High-quality practices have high ‘conversion rates’: of those referred under the 2WW rule maybe 14% are diagnosed with cancer. However, the same practices also have high ‘detection rates’: of all cancers diagnosed in the practice, maybe 40% to 50% have been suspected and referred under the 2WW rule. In poorly performing practices the figures may be 4% and 17% respectively.

The scatter diagram in Figure 1 of the Meechan et al paper is a powerful argument against complacency. If all practices were roughly the same the scatter diagram would look like a large spherical globular cluster with the spread explained by random variation. But that is not what the data show.
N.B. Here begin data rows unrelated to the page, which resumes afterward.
lemma trigon_cycle:
  assumes "double_occurrence w" "trigon w eps F" "card (corners w F) = 3"
  obtains d0 d1 d2 where "F = {d0, d1, d2}" "fst d0 < length w" "fst d1 < length w" "fst d2 < length w"
    and "face_next w eps d0 = d1" "face_next w eps d1 = d2" "face_next w eps d2 = d0"
proof -
  let ?L = "length w" and ?f = "face_next w eps"
  obtain d0 where d0: "d0 \<in> darts w" "F = face w eps d0"
    using assms(2) unfolding trigon_def faces_def by blast
  define d1 d2 where "d1 = ?f d0" and "d2 = ?f d1"
  have F: "F = {d0, d1, d2}" "?f d2 \<in> F"
    using face_card_3[of w eps d0] assms(2) d0(2) unfolding trigon_def d1_def d2_def by auto
  have "fst d0 < ?L" using d0(1) unfolding darts_def by auto
  then have edges: "fst d0 < ?L" "fst d1 < ?L" "fst d2 < ?L"
    using depart_face_next(1)[OF assms(1)] unfolding d1_def d2_def by blast+
  have "card {w ! arrive w d0, w ! arrive w d1, w ! arrive w d2} = 3"
    using assms(3) unfolding corners_def F by simp
  then have letters: "w ! arrive w d0 \<noteq> w ! arrive w d2" "w ! arrive w d1 \<noteq> w ! arrive w d2"
    by (auto simp: card_insert_if split: if_splits)
  have "depart w d1 = partner w (arrive w d0)" "depart w d2 = partner w (arrive w d1)"
    "depart w (?f d2) = partner w (arrive w d2)"
    using depart_face_next(2)[OF assms(1)] edges unfolding d1_def d2_def by auto
  then have "?f d2 \<noteq> d1" "?f d2 \<noteq> d2"
    using letters letter_positions(3)[OF assms(1)] arrive_less edges by metis+
  then have "?f d2 = d0" using F by blast
  then show thesis using that[OF F(1) edges] unfolding d1_def d2_def by simp
qed

(* The corners of a trigon with three distinct corner letters are covered by the
   three edges of the trigon: each edge runs from one corner to the next. *)
lemma trigon_corners_covered:
  assumes "double_occurrence w" "trigon w eps F" "card (corners w F) = 3"
  shows "covered_by_edges w (corners w F)" "corners w F \<subseteq> set w"
proof -
  let ?L = "length w"
  obtain d0 d1 d2 where F: "F = {d0, d1, d2}" and edges: "fst d0 < ?L" "fst d1 < ?L" "fst d2 < ?L"
    and cycle: "face_next w eps d0 = d1" "face_next w eps d1 = d2" "face_next w eps d2 = d0"
    using trigon_cycle[OF assms] by blast
  define a0 a1 a2 where "a0 = arrive w d0" and "a1 = arrive w d1" and "a2 = arrive w d2"
  have a: "a0 < ?L" "a1 < ?L" "a2 < ?L" using arrive_less edges unfolding a0_def a1_def a2_def by auto
  note pos0 = letter_positions[OF assms(1) a(1)] and pos1 = letter_positions[OF assms(1) a(2)]
    and pos2 = letter_positions[OF assms(1) a(3)]
  have corners: "corners w F = {w ! a0, w ! a1, w ! a2}"
    unfolding corners_def F a0_def a1_def a2_def by auto
  then have letters: "w ! a0 \<noteq> w ! a1" "w ! a0 \<noteq> w ! a2" "w ! a1 \<noteq> w ! a2"
    using assms(3) by (auto simp: card_insert_if split: if_splits)
  have "depart w d0 = partner w a2" "depart w d1 = partner w a0" "depart w d2 = partner w a1"
    using depart_face_next(2)[OF assms(1)] edges cycle unfolding a0_def a1_def a2_def by metis+
  then have Q: "edge_ends ?L (fst d0) = {a0, partner w a2}" "edge_ends ?L (fst d1) = {a1, partner w a0}"
    "edge_ends ?L (fst d2) = {a2, partner w a1}"
    using arrive_depart unfolding a0_def a1_def a2_def by metis+
  show "corners w F \<subseteq> set w" unfolding corners using a by auto
  show "covered_by_edges w (corners w F)" unfolding covered_by_edges_def
  proof (intro exI[of _ "{fst d0, fst d1, fst d2}"] conjI)
    show "\<forall>e \<in> {fst d0, fst d1, fst d2}. \<forall>e' \<in> {fst d0, fst d1, fst d2}. e \<noteq> e' \<longrightarrow>
        edge_ends ?L e \<inter> edge_ends ?L e' = {}"
      using Q letters pos0(2,3) pos1(2,3) pos2(2,3) by auto
    have "{k. k < ?L \<and> w ! k \<in> corners w F} = {a0, partner w a0} \<union> {a1, partner w a1} \<union> {a2, partner w a2}"
      unfolding corners pos0(4)[symmetric] pos1(4)[symmetric] pos2(4)[symmetric] by auto
    then show "{k. k < ?L \<and> w ! k \<in> corners w F} = (\<Union>e \<in> {fst d0, fst d1, fst d2}. edge_ends ?L e)"
      using Q by auto
  qed (use edges in auto)
qed

lemma edge_ends_between_even:
  assumes "e < L" "i < j" "j < L" "i \<notin> edge_ends L e" "j \<notin> edge_ends L e"
  shows "even (card ({k. i < k \<and> k < j} \<inter> edge_ends L e))"
proof (cases "Suc e < L")
  case True
  then have "{k. i < k \<and> k < j} \<inter> edge_ends L e = (if i < e \<and> e < j then {e, Suc e} else {})"
    using assms unfolding edge_ends_def by auto
  then show ?thesis by simp
next
  case False
  then have "Suc e = L" using assms(1) by simp
  then have "{k. i < k \<and> k < j} \<inter> edge_ends L e = {}"
    using assms unfolding edge_ends_def by auto
  then show ?thesis by simp
qed

lemma length_filter_between:
  assumes "w = U @ d # A @ d # V"
  shows "length (filter P A) = card {k. length U < k \<and> k < length U + 1 + length A \<and> P (w ! k)}"
proof -
  let ?shift = "\<lambda>k. k + Suc (length U)"
  have nth: "w ! ?shift k = A ! k" if "k < length A" for k
    using that assms by (simp add: nth_append)
  have "{k. length U < k \<and> k < length U + 1 + length A \<and> P (w ! k)} = ?shift ` {k. k < length A \<and> P (A ! k)}"
  proof (intro equalityI subsetI)
    fix k assume "k \<in> {k. length U < k \<and> k < length U + 1 + length A \<and> P (w ! k)}"
    then show "k \<in> ?shift ` {k. k < length A \<and> P (A ! k)}"
      using nth[of "k - Suc (length U)"] by (intro image_eqI[of _ _ "k - Suc (length U)"]) auto
  qed (use nth in auto)
  moreover have "inj_on ?shift {k. k < length A \<and> P (A ! k)}" by (simp add: inj_on_def)
  ultimately show ?thesis by (simp add: card_image length_filter_conv_card)
qed

(* If the occurrences of a set C of letters are the endpoints of pairwise disjoint edges,
   then between the two occurrences of any other letter the letters of C occur an even
   number of times: every such edge lies either entirely inside or entirely outside. *)
lemma covered_even_between:
  assumes "covered_by_edges w C" "w = U @ d # A @ d # V" "d \<notin> C"
  shows "even (length (filter (\<lambda>c. c \<in> C) A))"
proof -
  let ?L = "length w"
  obtain E where E: "E \<subseteq> {..<?L}"
    "\<forall>e \<in> E. \<forall>e' \<in> E. e \<noteq> e' \<longrightarrow> edge_ends ?L e \<inter> edge_ends ?L e' = {}"
    and P: "{k. k < ?L \<and> w ! k \<in> C} = (\<Union>e \<in> E. edge_ends ?L e)"
    using assms(1) unfolding covered_by_edges_def by blast
  define i j where "i = length U" and "j = length U + 1 + length A"
  let ?S = "{k. i < k \<and> k < j}"
  have w: "w = (U @ d # A) @ d # V" "length (U @ d # A) = j" using assms(2) by (simp_all add: j_def)
  have ij: "i < j" "j < ?L" unfolding i_def j_def assms(2) by simp_all
  have "w ! i = d" unfolding i_def assms(2) by (rule nth_append_length)
  moreover have "w ! j = d" unfolding w(2)[symmetric] by (subst w(1)) (rule nth_append_length)
  ultimately have "i \<notin> (\<Union>e \<in> E. edge_ends ?L e)" "j \<notin> (\<Union>e \<in> E. edge_ends ?L e)"
    using assms(3) unfolding P[symmetric] by auto
  then have out: "i \<notin> edge_ends ?L e" "j \<notin> edge_ends ?L e" if "e \<in> E" for e
    using that by auto
  have between: "{k. length U < k \<and> k < length U + 1 + length A \<and> w ! k \<in> C} =
      ?S \<inter> {k. k < ?L \<and> w ! k \<in> C}"
    using ij(2) unfolding i_def j_def by auto
  have "length (filter (\<lambda>c. c \<in> C) A) = card (?S \<inter> {k. k < ?L \<and> w ! k \<in> C})"
    unfolding length_filter_between[OF assms(2)] between ..
  also have "\<dots> = card (\<Union>e \<in> E. ?S \<inter> edge_ends ?L e)" by (simp only: P Int_UN_distrib)
  also have "\<dots> = (\<Sum>e \<in> E. card (?S \<inter> edge_ends ?L e))"
    using E by (intro card_UN_disjoint) (auto intro: finite_subset simp: edge_ends_def)
  finally show ?thesis
    using edge_ends_between_even[OF _ ij(1,2) out] E(1) by (auto intro!: dvd_sum)
qed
In the practices in the top right of the main grouping, 20% to 30% of all patients referred under 2WW were diagnosed with cancer. Those same practices were detecting 60% to 70% of all cancers via 2WW referrals. In practices in the bottom left of the Meechan et al paper, maybe only 5% of those referred under the 2WW had cancer, yet only 10% of all cancers were detected via 2WW rule referrals. If this was random variation it would not explain the correlation between conversion rates and detection rates.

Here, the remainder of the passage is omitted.